What we need is a “Stack and Reach”
for the windtunnel: A standardized test protocol arrived at
by consensus and agreed upon widely enough to be considered
credible. If we had this tool for making aerodynamic comparisons
we could make more informed choices about which bike to buy.
Our decisions would be governed first by Stack and Reach and
then by an amalgam of empirical data from the Independent Bicycle
Windtunnel Consortium- or whatever it was called. Oh, those
things and our favorite color…
A consensus on what makes a bike more aerodynamic
likely strikes terror into the hearts of current bike brand
product managers since it may mean they would be hurling expensive
bike tooling and molds into the scrap heap and having to go
back to the drawing board when they find out their “best”
aerodynamic design has the drag coefficient of an upright mattress.
All those fancy photo shoots in the wind tunnel would be exposed
for what they are: Good theater.
The eventual outcome would be faster bikes for
you and I and an easier shopping experience. We’d leave
the bike shop knowing we got a reasonably aerodynamic bike that
fit correctly. The rest would be decided by bike fit and position,
training, mechanical issues and wheel selection.
For most people I think bike buying involves a
process of trying to grasp something we can believe in: Should
we buy into manufacturers claims of aerodynamics? Is bike weight
the primary determining factor in what is best? How important
is bike fit anyway? What about components? It is a confusing
decision with little consensus.
When I talk to consumers about their bike shopping
they tell me they are doing “research”. The term
“research” suggests an orderly and empirical process
of evaluation and selection. It all seems very sentient and
orderly, like Mr. Spock feeding the bike brands into his Tricorder
and then buying the one determined to be the most logical. It
isn’t like that.
People may like to believe they buy bikes like
that, but they don’t. “Research” when buying
a new bike often starts as an attempt to gather some basic facts
to compare bikes then lapses into frustration since there is
little standardized information.
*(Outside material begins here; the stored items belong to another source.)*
lemma uniform_gap_constant:
  fixes B :: "('a \<Rightarrow> real) set"
  assumes "(INF l\<in>B. SUP w\<in>W. ereal (- l w)) > 0" "(SUP l\<in>B. ereal (l z0)) < \<infinity>"
  obtains \<epsilon> where "\<epsilon> > 0" "\<And>l. l \<in> B \<Longrightarrow> ereal \<epsilon> \<le> (SUP w\<in>W. ereal (- l w))"
    "\<And>l. l \<in> B \<Longrightarrow> l z0 < 1 / \<epsilon>"
proof -
  obtain d where "0 < ereal d" and d: "ereal d < (INF l\<in>B. SUP w\<in>W. ereal (- l w))"
    using ereal_dense2 assms(1) by blast
  obtain m0 where m0: "(SUP l\<in>B. ereal (l z0)) < ereal m0"
    using ereal_dense2 assms(2) by blast
  define m where "m = max m0 1"
  define \<epsilon> where "\<epsilon> = min d (1 / m)"
  have "d > 0" "m > 0" using \<open>0 < ereal d\<close> by (simp_all add: m_def)
  then have \<epsilon>: "\<epsilon> > 0" "\<epsilon> \<le> d" "m \<le> 1 / \<epsilon>"
    by (auto simp: \<epsilon>_def min_def field_simps)
  show ?thesis
  proof
    show "ereal \<epsilon> \<le> (SUP w\<in>W. ereal (- l w))" if "l \<in> B" for l
      using order.trans[OF _ less_imp_le[OF order.strict_trans2[OF d INF_lower[OF that]]], of "ereal \<epsilon>"]
        \<epsilon>(2) by simp
    show "l z0 < 1 / \<epsilon>" if "l \<in> B" for l
      using order.strict_trans1[OF SUP_upper[OF that] m0] \<epsilon>(3) by (simp add: m_def)
  qed (fact \<epsilon>(1))
qed

lemma ereal_upper_estimate_fails:
  fixes \<phi>0 \<phi> s :: ereal and a \<epsilon> :: real
  assumes "\<phi>0 \<le> ereal (- a)" "ereal (- a) + s \<le> \<phi>" "ereal \<epsilon> \<le> s" "\<epsilon> > 0" "a < 1 / \<epsilon>"
  shows "\<not> (if \<phi>0 = -\<infinity> then \<phi> < ereal (- 1 / \<epsilon>) else \<phi> < \<phi>0 + ereal \<epsilon>)"
proof -
  have sum: "ereal (- a) + ereal \<epsilon> \<le> \<phi>" using assms(2,3) by (meson add_left_mono order_trans)
  have "\<phi>0 + ereal \<epsilon> \<le> \<phi>" using add_right_mono[OF assms(1)] sum by (rule order_trans)
  moreover have "ereal (- 1 / \<epsilon>) \<le> \<phi>"
    using assms(4,5) order_trans[OF _ sum, of "ereal (- 1 / \<epsilon>)"] by simp
  ultimately show ?thesis by (auto simp: not_less)
qed

theorem mainTheorem16:
  fixes f :: "'x::{real_vector,topological_space} \<Rightarrow> 'z::{real_vector,topological_space} set"
    and C :: "'z set" and x0 :: 'x and B :: "('z \<Rightarrow> real) set"
  assumes X_tvs: "tvs TYPE('x)" and Z_lc: "locally_convex_tvs TYPE('z)"
    and C_ne: "C \<noteq> {}" and C_closed: "closed C" and C_convex: "convex C"
    and C_cone: "cone C"
    and C_neg: "neg_dual_cone C \<noteq> {\<lambda>z. 0}"
    and f_vals: "\<forall>x. f x \<in> upper_closed_sets C"
    and f_convex: "\<forall>x. convex (f x)"
    and B_dual: "B \<subseteq> dual_space"
    and B_gen: "{(\<lambda>z. t * l z) | t l. t \<ge> 0 \<and> l \<in> B} = neg_dual_cone C"
    and B_sup: "\<forall>z. (SUP l\<in>B. ereal (l z)) < \<infinity>"
    and B_inf: "\<forall>V. nbhd 0 V \<longrightarrow> (INF l\<in>B. SUP z\<in>V. ereal (- l z)) > 0"
    and usc_unif: "\<forall>\<epsilon>>0. \<exists>U. nbhd x0 U \<and> (\<forall>x\<in>U. \<forall>l\<in>B.
          (if scalarization f l x0 = -\<infinity>
           then scalarization f l x < ereal (- 1 / \<epsilon>)
           else scalarization f l x < scalarization f l x0 + ereal \<epsilon>))"
  shows "lower_continuous_at f x0"
proof (unfold lower_continuous_at_def, intro ballI allI impI)
  fix z0 V assume z0: "z0 \<in> f x0" and "nbhd z0 V"
  have tvs: "tvs TYPE('z)" using Z_lc by (simp add: locally_convex_tvs_def)
  obtain W where W: "open W" "convex W" "0 \<in> W" and WV: "\<And>w. w \<in> W \<Longrightarrow> z0 + w \<in> V"
    using locally_convex_tvs_convex_nbhd[OF Z_lc \<open>nbhd z0 V\<close>] by blast
  have "nbhd 0 W" using W(1,3) unfolding nbhd_def by blast
  obtain \<epsilon> where "\<epsilon> > 0" and gap_W: "\<And>l. l \<in> B \<Longrightarrow> ereal \<epsilon> \<le> (SUP w\<in>W. ereal (- l w))"
    and bound_z0: "\<And>l. l \<in> B \<Longrightarrow> l z0 < 1 / \<epsilon>"
    using uniform_gap_constant[OF B_inf[rule_format, OF \<open>nbhd 0 W\<close>] B_sup[rule_format, of z0]] by blast
  obtain U where "nbhd x0 U" and U: "\<And>x l. x \<in> U \<Longrightarrow> l \<in> B \<Longrightarrow>
      (if scalarization f l x0 = -\<infinity> then scalarization f l x < ereal (- 1 / \<epsilon>)
       else scalarization f l x < scalarization f l x0 + ereal \<epsilon>)"
    using usc_unif \<open>\<epsilon> > 0\<close> by blast
  have "f x \<inter> V \<noteq> {}" if "x \<in> U" for x
  proof
    assume "f x \<inter> V = {}"
    then have "\<And>a w. a \<in> f x \<Longrightarrow> w \<in> W \<Longrightarrow> z0 + w \<noteq> a" using WV by blast
    then obtain l where "l \<in> B"
      and gap: "ereal (- l z0) + (SUP w\<in>W. ereal (- l w)) \<le> scalarization f l x"
      unfolding scalarization_def
      using separating_generator_exists[OF tvs W f_vals[rule_format] f_convex[rule_format]
          C_cone B_gen] by blast
    have "scalarization f l x0 \<le> ereal (- l z0)"
      unfolding scalarization_def using z0 by (rule INF_lower)
    then show False
      using ereal_upper_estimate_fails[OF _ gap gap_W[OF \<open>l \<in> B\<close>] \<open>\<epsilon> > 0\<close> bound_z0[OF \<open>l \<in> B\<close>]]
        U[OF that \<open>l \<in> B\<close>] by blast
  qed
  then show "\<exists>U. nbhd x0 U \<and> (\<forall>x\<in>U. f x \<inter> V \<noteq> {})" using \<open>nbhd x0 U\<close> by blast
qed

end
Then “research”
defaults to justifying the purchase of the bike we think looks
the coolest.
There isn't anything wrong with factoring in emotion
when buying a bike. I do it, we all do. For most of us bikes
are like sports cars, we really don't need them, but they are
fun to have. It does take a bit of a turn when you miss your
first age group trophy by four seconds. Then it starts to become
more serious. Then we want some Mr. Spock to help us buy those
four seconds back. I think it is a healthy and noble pursuit-
going fast and doing the best we can.
If we had a “stack and reach” type
standard for bicycle aerodynamics it would take one more variable
off the table. As an industry it would likely sell more bikes
since it would emphasize the advantages of having an aerodynamic
bike frame separate from a glitzy sales motive. Standardized
wind tunnel testing would also challenge the industry to build
better product and likely make the customer focus on other issues
that would influence performance like bike position and training.
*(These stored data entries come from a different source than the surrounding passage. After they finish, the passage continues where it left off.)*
theorem proposition2p2:
  fixes M :: "'a measure" and X :: "'a \<Rightarrow> real"
    and k lam :: real and f f' f'' :: "real \<Rightarrow> real"
  assumes "prob_space M"
    and "k > 0" and "lam > 0"
    and "distributed M lborel X (\<lambda>x. ennreal (ncchisq_density k lam x))"
    and "\<And>x. x > 0 \<Longrightarrow> (f has_real_derivative f' x) (at x)"
    and "\<And>x. x > 0 \<Longrightarrow> (f' has_real_derivative f'' x) (at x)"
    and "integrable M (\<lambda>\<omega>. X \<omega> * f (X \<omega>))"
    and "integrable M (\<lambda>\<omega>. X \<omega> * f' (X \<omega>))"
    and "integrable M (\<lambda>\<omega>. X \<omega> * f'' (X \<omega>))"
    and "integrable M (\<lambda>\<omega>. f (X \<omega>))"
    and "integrable M (\<lambda>\<omega>. f' (X \<omega>))"
  shows "(\<integral>\<omega>. 4 * X \<omega> * f'' (X \<omega>) + (2 * k - 4 * X \<omega>) * f' (X \<omega>)
                + (X \<omega> - k - lam) * f (X \<omega>) \<partial>M) = 0"
proof -
  note k = assms(2) and lam = assms(3) and df = assms(5) and df' = assms(6)
  define A where "A x = 4 * x * f'' x + (2 * k - 4 * x) * f' x + (x - k - lam) * f x" for x
  have "x \<notin> {0<..} \<Longrightarrow> ncchisq_density k lam x = 0" for x
    by (simp add: ncchisq_density_def)
  note transfer = distributed_set_integral_support[OF assms(4) ncchisq_density_nonneg[OF k lam],
      of "{0<..}", OF this]
  have [measurable]: "(\<lambda>x. indicator {0<..} x * f x) \<in> borel_measurable borel"
    "(\<lambda>x. indicator {0<..} x * f' x) \<in> borel_measurable borel"
    "(\<lambda>x. indicator {0<..} x * f'' x) \<in> borel_measurable borel"
    using borel_measurable_indicator_differentiable[of "{0<..}" f f']
      borel_measurable_indicator_derivative[of "{0<..}" f f'] borel_measurable_indicator_derivative[of "{0<..}" f' f'']
      df df' by auto
  have "(\<lambda>x. indicator {0<..} x * A x) = (\<lambda>x. 4 * x * (indicator {0<..} x * f'' x)
      + (2 * k - 4 * x) * (indicator {0<..} x * f' x) + (x - k - lam) * (indicator {0<..} x * f x))"
    by (auto simp: A_def indicator_def)
  then have "(\<lambda>x. indicator {0<..} x * A x) \<in> borel_measurable borel"
    by simp
  moreover have "integrable M (\<lambda>\<omega>. 4 * (X \<omega> * f'' (X \<omega>)) + 2 * k * f' (X \<omega>)
      - 4 * (X \<omega> * f' (X \<omega>)) + X \<omega> * f (X \<omega>) - (k + lam) * f (X \<omega>))"
    using assms(7-11)
    by (intro Bochner_Integration.integrable_add Bochner_Integration.integrable_diff integrable_mult_right)
  then have "integrable M (\<lambda>\<omega>. A (X \<omega>))"
    by (simp add: A_def algebra_simps)
  ultimately have "(\<integral>\<omega>. A (X \<omega>) \<partial>M) = (LINT x:{0<..}|lborel. ncchisq_density k lam x * A x)"
    and "set_integrable lborel {0<..} (\<lambda>x. ncchisq_density k lam x * A x)"
    using transfer by auto
  moreover have "set_integrable lborel {0<..} (\<lambda>x. ncchisq_density k lam x * f x)"
    "set_integrable lborel {0<..} (\<lambda>x. ncchisq_density k lam x * f' x)"
    using transfer assms(10,11) by auto
  ultimately show ?thesis
    using ncchisq_stein_identity[OF k lam df df'] unfolding A_def by simp
qed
If we had a standard wind tunnel test for
bicycles we could make meaningful comparisons from one bike
brand and model to the next. Bike buyers would have more confidence
in their buying decisions. An emphasis would be placed on design
at the manufacturer level with a standard yardstick for manufacturers
to measure their products. All of us would understand what we
are buying and we’d spend less time buying it and more
time riding it. Then we’d all be on the same sheet of
music about bike aerodynamics and we could focus on training
and racing instead of trying to cut through all the marketing
baloney and phony wind tunnel tests.